AMY GOODMAN: Today, we’re broadcasting from London, and we’re joined by Russell Brand. Up until last year, Russell Brand was best known for being one of the most popular comedians here in Britain. His résumé includes hosting the reality TV show Big Brother’s Big Mouth, a stint as a BBC radio host and starring roles in the films St. Trinian’s, Forgetting Sarah Marshall and Get Him to the Greek. He also hosted the MTV Movie Awards.But in recent years, Russell Brand has emerged as one of the most prominent voices of the British left. He has taken part in anti-austerity protests, spoken at Occupy Wall Street and marched with the hacker collective Anonymous. A recovering addict himself, Russell Brand has also become a leading critic of Britain’s drug laws.
Last year, he guest-edited the New Statesman, a political and current affairs magazine here in Britain. The issue included cover art by Shepard Fairey and articles by Noam Chomsky, Naomi Klein, among many others.
He then appeared on BBC Newsnight in an interview with the well-known BBC host Jeremy Paxman. The video became a YouTube sensation.

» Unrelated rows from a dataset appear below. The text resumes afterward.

(* If $\mathfrak{h}$ is a finite-dimensional complex Lie algebra, then $\mathcal{R}^i_1(\mathcal{C}^\bullet\mathfrak{h})$ is finite for all $i$. In particular, the cdga $\mathcal{C}^\bullet\mathfrak{h}$ has trivial resonance in degree $i$ (i.e. $0$ is an isolated point of $\mathcal{R}^i_1(\mathcal{C}^\bullet\mathfrak{h})$) whenever $H^i(\mathfrak{h})\neq 0$.
   Context: $\mathcal{C}^\bullet\mathfrak{h}=(\bigwedge^\bullet\mathfrak{h}^*,d)$ is the Chevalley–Eilenberg cochain cdga of $\mathfrak{h}$, with cohomology $H^\bullet(\mathfrak{h})$ (Lie algebra cohomology with trivial coefficients $\mathbb{C}$). For $\omega\in H^1(\mathfrak{h})=\mathrm{Hom}(\mathfrak{h}/[\mathfrak{h},\mathfrak{h}],\mathbb{C})$, ${}_\omega\mathbb{C}$ denotes the one-dimensional $\mathfrak{h}$-module on which $x$ acts by $\omega(x)$; then $\mathcal{R}^i_r(\mathcal{C}^\bullet\mathfrak{h})=\{\omega\in H^1(\mathfrak{h}):\dim H^i(\mathfrak{h},{}_\omega\mathbb{C})\ge r\}$ (equivalently, the set of closed $\omega\in\mathfrak{h}^*$ for which the complex $(\bigwedge^\bullet\mathfrak{h}^*, d+\omega\wedge\cdot)$ has $i$-th cohomology of dimension $\ge r$). *)

theory Defs
  imports "HOL-Analysis.Analysis" "HOL-Library.Function_Algebras"
begin

text \<open>A finite-dimensional complex Lie algebra h of dimension n is given by a basis
  e_0,...,e_(n-1) and structure constants: [e_a, e_b] = sum over m<n of c a b m e_m.\<close>

definition lie_structure :: "nat \<Rightarrow> (nat \<Rightarrow> nat \<Rightarrow> nat \<Rightarrow> complex) \<Rightarrow> bool" where
  "lie_structure n c \<longleftrightarrow>
     (\<forall>a<n. \<forall>m<n. c a a m = 0) \<and>
     (\<forall>a<n. \<forall>b<n. \<forall>m<n. c a b m = - c b a m) \<and>
     (\<forall>a<n. \<forall>b<n. \<forall>d<n. \<forall>p<n.
        (\<Sum>m<n. c a b m * c m d p + c b d m * c m a p + c d a m * c m b p) = 0)"

definition cscale :: "complex \<Rightarrow> ('a \<Rightarrow> complex) \<Rightarrow> ('a \<Rightarrow> complex)" where
  "cscale a f = (\<lambda>x. a * f x)"

definition cdim :: "('a \<Rightarrow> complex) set \<Rightarrow> nat" where
  "cdim S = vector_space.dim cscale S"

definition remove_nth :: "nat \<Rightarrow> 'a list \<Rightarrow> 'a list" where
  "remove_nth j xs = take j xs @ drop (Suc j) xs"

text \<open>An i-cochain (element of the i-th exterior power of the dual of h) is an alternating
  i-linear form on h, represented by its values on tuples of basis vectors.\<close>
definition cochains :: "nat \<Rightarrow> nat \<Rightarrow> (nat list \<Rightarrow> complex) set" where
  "cochains n i = {f.
     (\<forall>xs. f xs \<noteq> 0 \<longrightarrow> length xs = i \<and> set xs \<subseteq> {..<n}) \<and>
     (\<forall>xs. \<not> distinct xs \<longrightarrow> f xs = 0) \<and>
     (\<forall>xs j k. j < k \<and> k < length xs \<longrightarrow> f (xs[j := xs ! k, k := xs ! j]) = - f xs)}"

text \<open>Chevalley--Eilenberg differential with coefficients in the one-dimensional module
  on which x acts by omega(x), where omega(e_m) = om m; i.e. d + omega wedge.
  It maps i-cochains to (i+1)-cochains.\<close>
definition ce_diff :: "nat \<Rightarrow> (nat \<Rightarrow> nat \<Rightarrow> nat \<Rightarrow> complex) \<Rightarrow> (nat \<Rightarrow> complex) \<Rightarrow> nat
     \<Rightarrow> (nat list \<Rightarrow> complex) \<Rightarrow> (nat list \<Rightarrow> complex)" where
  "ce_diff n c om i f = (\<lambda>xs.
     if length xs = Suc i \<and> set xs \<subseteq> {..<n} then
       (\<Sum>j<Suc i. (-1) ^ j * om (xs ! j) * f (remove_nth j xs)) +
       (\<Sum>k<Suc i. \<Sum>j<k. (-1) ^ (j + k) *
          (\<Sum>m<n. c (xs ! j) (xs ! k) m * f (m # remove_nth j (remove_nth k xs))))
     else 0)"

definition cohom_dim :: "nat \<Rightarrow> (nat \<Rightarrow> nat \<Rightarrow> nat \<Rightarrow> complex) \<Rightarrow> (nat \<Rightarrow> complex) \<Rightarrow> nat \<Rightarrow> nat" where
  "cohom_dim n c om i =
     cdim {f \<in> cochains n i. ce_diff n c om i f = 0} -
     (if i = 0 then 0 else cdim (ce_diff n c om (i - 1) ` cochains n (i - 1)))"

text \<open>H^1(h) = Hom(h/[h,h], C): linear functionals on h (given by their values on the basis,
  zero outside indices < n) vanishing on [h,h].\<close>
definition H1 :: "nat \<Rightarrow> (nat \<Rightarrow> nat \<Rightarrow> nat \<Rightarrow> complex) \<Rightarrow> (nat \<Rightarrow> complex) set" where
  "H1 n c = {om. (\<forall>m\<ge>n. om m = 0) \<and> (\<forall>a<n. \<forall>b<n. (\<Sum>m<n. c a b m * om m) = 0)}"

definition resonance :: "nat \<Rightarrow> (nat \<Rightarrow> nat \<Rightarrow> nat \<Rightarrow> complex) \<Rightarrow> nat \<Rightarrow> nat \<Rightarrow> (nat \<Rightarrow> complex) set" where
  "resonance n c i r = {om \<in> H1 n c. cohom_dim n c om i \<ge> r}"

definition isolated_zero :: "nat \<Rightarrow> (nat \<Rightarrow> complex) set \<Rightarrow> bool" where
  "isolated_zero n R \<longleftrightarrow> (\<lambda>_. 0) \<in> R \<and>
     (\<exists>e>0. \<forall>om\<in>R. om \<noteq> (\<lambda>_. 0) \<longrightarrow> (\<exists>m<n. e \<le> cmod (om m)))"

end

theory Submission
  imports Defs
begin

text \<open>For a basis vector \<open>e\<^sub>a\<close>, Cartan's formula
  \<open>\<theta>\<^sub>a = \<iota>\<^sub>a d\<^sub>\<omega> + d\<^sub>\<omega> \<iota>\<^sub>a\<close> defines a linear endomorphism of the \<open>i\<close>-cochains that maps
  cocycles to coboundaries; so if it is injective, \<open>H\<^sup>i(h, \<omega>\<complex>)\<close> vanishes. Since
  \<open>\<iota>\<^sub>a(\<omega> \<and> f) + \<omega> \<and> \<iota>\<^sub>a f = \<omega>(e\<^sub>a) f\<close>, twisting by \<open>\<omega>\<close> shifts \<open>\<theta>\<^sub>a\<close> by \<open>\<omega>(e\<^sub>a)\<close>.
  Hence for resonant \<open>\<omega>\<close> every \<open>-\<omega>(e\<^sub>a)\<close> is an eigenvalue of the untwisted \<open>\<theta>\<^sub>a\<close> on the
  finite-dimensional space of \<open>i\<close>-cochains, which leaves finitely many choices for \<open>\<omega>\<close>;
  and in a finite set every point is isolated.\<close>

section \<open>Linear algebra\<close>

context vector_space
begin

lemma independent_card_le_dim_finite_span:
  assumes "independent S" "S \<subseteq> T" "T \<subseteq> span D" "finite D"
  shows "card S \<le> dim T"
proof -
  obtain B where B: "B \<subseteq> T" "independent B" "T \<subseteq> span B" "card B = dim T"
    by (rule basis_exists)
  have "finite B"
    using independent_span_bound[OF assms(4) B(2)] B(1) assms(3) by auto
  then show ?thesis
    using independent_span_bound[OF _ assms(1), of B] B assms(2) by auto
qed

lemma dim_le_dim_if_inj_on:
  assumes K: "Vector_Spaces.linear scale scale K" and "subspace Z" "inj_on K Z"
    and "K ` Z \<subseteq> T" "T \<subseteq> span D" "finite D"
  shows "dim Z \<le> dim T"
proof -
  interpret K: Vector_Spaces.linear scale scale K by (fact K)
  obtain B where B: "B \<subseteq> Z" "independent B" "Z \<subseteq> span B" "card B = dim Z"
    by (rule basis_exists)
  have inj_span: "inj_on K (span B)"
    using inj_on_subset[OF \<open>inj_on K Z\<close>] span_minimal[OF B(1) \<open>subspace Z\<close>] by blast
  have "independent (K ` B)"
    using K.independent_injective_image[OF B(2) inj_span] .
  moreover have "card (K ` B) = card B"
    using card_image inj_on_subset[OF inj_span span_superset] by blast
  ultimately show ?thesis
    using independent_card_le_dim_finite_span[of "K ` B" T D] B(1,4) assms(4-6) by auto
qed

lemma eigenvector_inj_on:
  assumes "\<And>\<mu>. \<mu> \<in> E \<Longrightarrow> v \<mu> \<noteq> 0 \<and> K (v \<mu>) = scale \<mu> (v \<mu>)"
  shows "inj_on v E"
proof (rule inj_onI)
  fix \<mu> \<nu> assume "\<mu> \<in> E" "\<nu> \<in> E" "v \<mu> = v \<nu>"
  then have "scale \<mu> (v \<mu>) = scale \<nu> (v \<mu>)" and "v \<mu> \<noteq> 0"
    using assms by metis+
  then show "\<mu> = \<nu>" by simp
qed

lemma eigenvector_combination_eq_0:
  assumes K: "Vector_Spaces.linear scale scale K" and "finite E"
    and eig: "\<And>\<mu>. \<mu> \<in> E \<Longrightarrow> v \<mu> \<noteq> 0 \<and> K (v \<mu>) = scale \<mu> (v \<mu>)"
    and "(\<Sum>\<mu>\<in>E. scale (u \<mu>) (v \<mu>)) = 0" and "\<mu> \<in> E"
  shows "u \<mu> = 0"
  using \<open>finite E\<close> eig assms(4,5)
proof (induction E arbitrary: u \<mu> rule: finite_induct)
  case empty
  then show ?case by simp
next
  case (insert \<kappa> E)
  interpret K: Vector_Spaces.linear scale scale K by (fact K)
  let ?S = "\<lambda>u. \<Sum>\<nu>\<in>E. scale (u \<nu>) (v \<nu>)"
  have sum: "scale (u \<kappa>) (v \<kappa>) + ?S u = 0"
    using insert.prems(2) insert.hyps by simp
  have "?S (\<lambda>\<nu>. u \<nu> * (\<nu> - \<kappa>)) = K (scale (u \<kappa>) (v \<kappa>) + ?S u) - scale \<kappa> (scale (u \<kappa>) (v \<kappa>) + ?S u)"
    using insert.prems(1)
    by (simp add: K.sum K.scale K.add scale_sum_right sum_subtractf[symmetric] algebra_simps)
  also have "\<dots> = 0"
    by (simp add: sum)
  finally have "?S (\<lambda>\<nu>. u \<nu> * (\<nu> - \<kappa>)) = 0" .
  then have "\<forall>\<nu>\<in>E. u \<nu> = 0"
    using insert.IH[of "\<lambda>\<nu>. u \<nu> * (\<nu> - \<kappa>)"] insert.prems(1) insert.hyps(2) by fastforce
  moreover have "u \<kappa> = 0"
    using sum calculation insert.prems(1)[of \<kappa>] by simp
  ultimately show ?case using insert.prems(3) by auto
qed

JEREMY PAXMAN: Is it true you don’t even vote?
RUSSELL BRAND: Yeah, no, I don’t vote.
JEREMY PAXMAN: Well, how do you have any authority to talk about politics then?
RUSSELL BRAND: Well, I don’t get my authority from this pre-existing paradigm which is quite narrow and only serves a few people. I look elsewhere for alternatives that might be of service to humanity. Alternative means alternative political systems.
JEREMY PAXMAN: They being?
RUSSELL BRAND: Well, I’ve not invented it yet, Jeremy. I had to do a magazine last week. I’ve had a lot on my plate. But I say—but here’s the thing that you shouldn’t do: shouldn’t destroy the planet, shouldn’t create massive economic disparity, shouldn’t ignore the needs of the people. The burden of proof is on the people with the power, not people who like doing a magazine for a novelty.
JEREMY PAXMAN: How do you imagine that people get power?
RUSSELL BRAND: Well, I imagine there are sort of hierarchical systems that have been preserved through generations—
JEREMY PAXMAN: They get power by being voted in. That’s how they get it.
RUSSELL BRAND: Well, you say that, Jeremy, but like—
JEREMY PAXMAN: You can’t even be asked to vote.
RUSSELL BRAND: It’s quite narrow—quite a narrow prescriptive parameter that changes within the—
JEREMY PAXMAN: In a democracy, that’s how it works.
RUSSELL BRAND: Well, I don’t think it’s working very well, Jeremy, given that the planet is being destroyed, given that there is economic disparity of a huge degree. What you’re saying, there’s no alternative. There’s no alternative, just this system.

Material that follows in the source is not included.